Task details: Every line below between the one holding "slist_eq (SComp (SId" and the one holding "(SCons x (SComp", inclusive, should be copied exactly, and no other line.

+++

(* Let $C$ be a set. The weight $w:\mathrm{SList}(C)\to(\mathrm{B}\overline{\mathrm{A}_\infty})^{\mathrm{op}}$ is faithful; that is, two morphisms $f,g:L\to L'$ of symmetric lists are equal if and only if $w(f)=w(g)$ in $\overline{\mathrm{A}_\infty}$.
   Context: $\mathrm{SList}(C)$ is the category presented as follows: objects are finite lists of elements of $C$; morphisms are generated by $\mathrm{sw}_{a,b,l}:a::b::l\to b::a::l$ and, for $f:l\to l'$ and $x\in C$, $x::_mf:x::l\to x::l'$; relations: $x::_m-$ is functorial, $\mathrm{sw}_{a,b,l}$ is natural in $l$, $\mathrm{sw}_{b,a,l}\circ\mathrm{sw}_{a,b,l}=\mathrm{Id}$, and $\mathrm{sw}_{b,c,a::l}\circ(b::_m\mathrm{sw}_{a,c,l})\circ\mathrm{sw}_{a,b,c::l}=(c::_m\mathrm{sw}_{a,b,l})\circ\mathrm{sw}_{a,c,b::l}\circ(a::_m\mathrm{sw}_{b,c,l})$. $\overline{\mathrm{A}_\infty}$ is the Coxeter group with generators $(s_i)_{i\in\mathbb{N}}$, relations $s_i^2=e$, $(s_is_{i+1})^3=e$, $(s_is_j)^2=e$ for $|i-j|>1$; $\mathrm{B}G$ is the one-object category with endomorphisms $G$. The weight $w$ is the functor $\mathrm{SList}(C)\to(\mathrm{B}\overline{\mathrm{A}_\infty})^{\mathrm{op}}$ determined by $w(\mathrm{sw}_{a,b,l})=s_0$ and $w(x::_mf)=\sigma(w(f))$, where $\sigma$ is the shift endomorphism $s_i\mapsto s_{i+1}$ (equivalently, induced from the free-monoid labelling $\mathrm{sw}\mapsto 0$, $x::_mf\mapsto 1+(\text{label of }f)$ letterwise). *)

theory Defs
  imports Main
begin

text \<open>Formal expressions built from the generators: identities, swaps
  sw_{a,b,l}, the action x ::_m f, and composition (SComp g f = g \<circ> f).\<close>

datatype 'c smor =
    SId "'c list"
  | SSw 'c 'c "'c list"
  | SCons 'c "'c smor"
  | SComp "'c smor" "'c smor"

inductive styped :: "'c smor \<Rightarrow> 'c list \<Rightarrow> 'c list \<Rightarrow> bool" where
  ty_id: "styped (SId l) l l"
| ty_sw: "styped (SSw a b l) (a # b # l) (b # a # l)"
| ty_cons: "styped f l l' \<Longrightarrow> styped (SCons x f) (x # l) (x # l')"
| ty_comp: "styped f l1 l2 \<Longrightarrow> styped g l2 l3 \<Longrightarrow> styped (SComp g f) l1 l3"

inductive slist_eq :: "'c smor \<Rightarrow> 'c smor \<Rightarrow> bool" where
  eq_refl: "styped f l l' \<Longrightarrow> slist_eq f f"
| eq_sym: "slist_eq f g \<Longrightarrow> slist_eq g f"
| eq_trans: "slist_eq f g \<Longrightarrow> slist_eq g h \<Longrightarrow> slist_eq f h"
| eq_comp_cong: "slist_eq f f' \<Longrightarrow> slist_eq g g' \<Longrightarrow> styped f l1 l2 \<Longrightarrow> styped g l2 l3
      \<Longrightarrow> slist_eq (SComp g f) (SComp g' f')"
| eq_cons_cong: "slist_eq f f' \<Longrightarrow> slist_eq (SCons x f) (SCons x f')"
| eq_id_left: "styped f l l' \<Longrightarrow> slist_eq (SComp (SId l') f) f"
| eq_id_right: "styped f l l' \<Longrightarrow> slist_eq (SComp f (SId l)) f"
| eq_assoc: "styped f l1 l2 \<Longrightarrow> styped g l2 l3 \<Longrightarrow> styped h l3 l4
      \<Longrightarrow> slist_eq (SComp h (SComp g f)) (SComp (SComp h g) f)"
| eq_cons_id: "slist_eq (SCons x (SId l)) (SId (x # l))"
| eq_cons_comp: "styped f l1 l2 \<Longrightarrow> styped g l2 l3
      \<Longrightarrow> slist_eq (SCons x (SComp g f)) (SComp (SCons x g) (SCons x f))"
| eq_sw_nat: "styped f l l'
      \<Longrightarrow> slist_eq (SComp (SSw a b l') (SCons a (SCons b f)))
                    (SComp (SCons b (SCons a f)) (SSw a b l))"
| eq_sw_inv: "slist_eq (SComp (SSw b a l) (SSw a b l)) (SId (a # b # l))"
| eq_yb: "slist_eq (SComp (SSw b c (a # l)) (SComp (SCons b (SSw a c l)) (SSw a b (c # l))))
                   (SComp (SCons c (SSw a b l)) (SComp (SSw a c (b # l)) (SCons a (SSw b c l))))"

text \<open>Elements are words in the generators s_i (i :: nat); since every
  generator is an involution, the group presentation coincides with the monoid
  presentation given by the congruence below.\<close>

inductive cox_eq :: "nat list \<Rightarrow> nat list \<Rightarrow> bool" where
  cox_refl: "cox_eq u u"
| cox_sym: "cox_eq u v \<Longrightarrow> cox_eq v u"
| cox_trans: "cox_eq u v \<Longrightarrow> cox_eq v w \<Longrightarrow> cox_eq u w"
| cox_ctx: "cox_eq u v \<Longrightarrow> cox_eq (p @ u @ q) (p @ v @ q)"
| cox_sq: "cox_eq [i, i] []"
| cox_braid: "cox_eq [i, Suc i, i, Suc i, i, Suc i] []"
| cox_comm: "Suc i < j \<Longrightarrow> cox_eq [i, j, i, j] []"
| cox_comm': "Suc j < i \<Longrightarrow> cox_eq [i, j, i, j] []"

+++

Response to the task:
| eq_id_left: "styped f l l' \<Longrightarrow> slist_eq (SComp (SId l') f) f"
| eq_id_right: "styped f l l' \<Longrightarrow> slist_eq (SComp f (SId l)) f"
| eq_assoc: "styped f l1 l2 \<Longrightarrow> styped g l2 l3 \<Longrightarrow> styped h l3 l4
      \<Longrightarrow> slist_eq (SComp h (SComp g f)) (SComp (SComp h g) f)"
| eq_cons_id: "slist_eq (SCons x (SId l)) (SId (x # l))"
| eq_cons_comp: "styped f l1 l2 \<Longrightarrow> styped g l2 l3
      \<Longrightarrow> slist_eq (SCons x (SComp g f)) (SComp (SCons x g) (SCons x f))"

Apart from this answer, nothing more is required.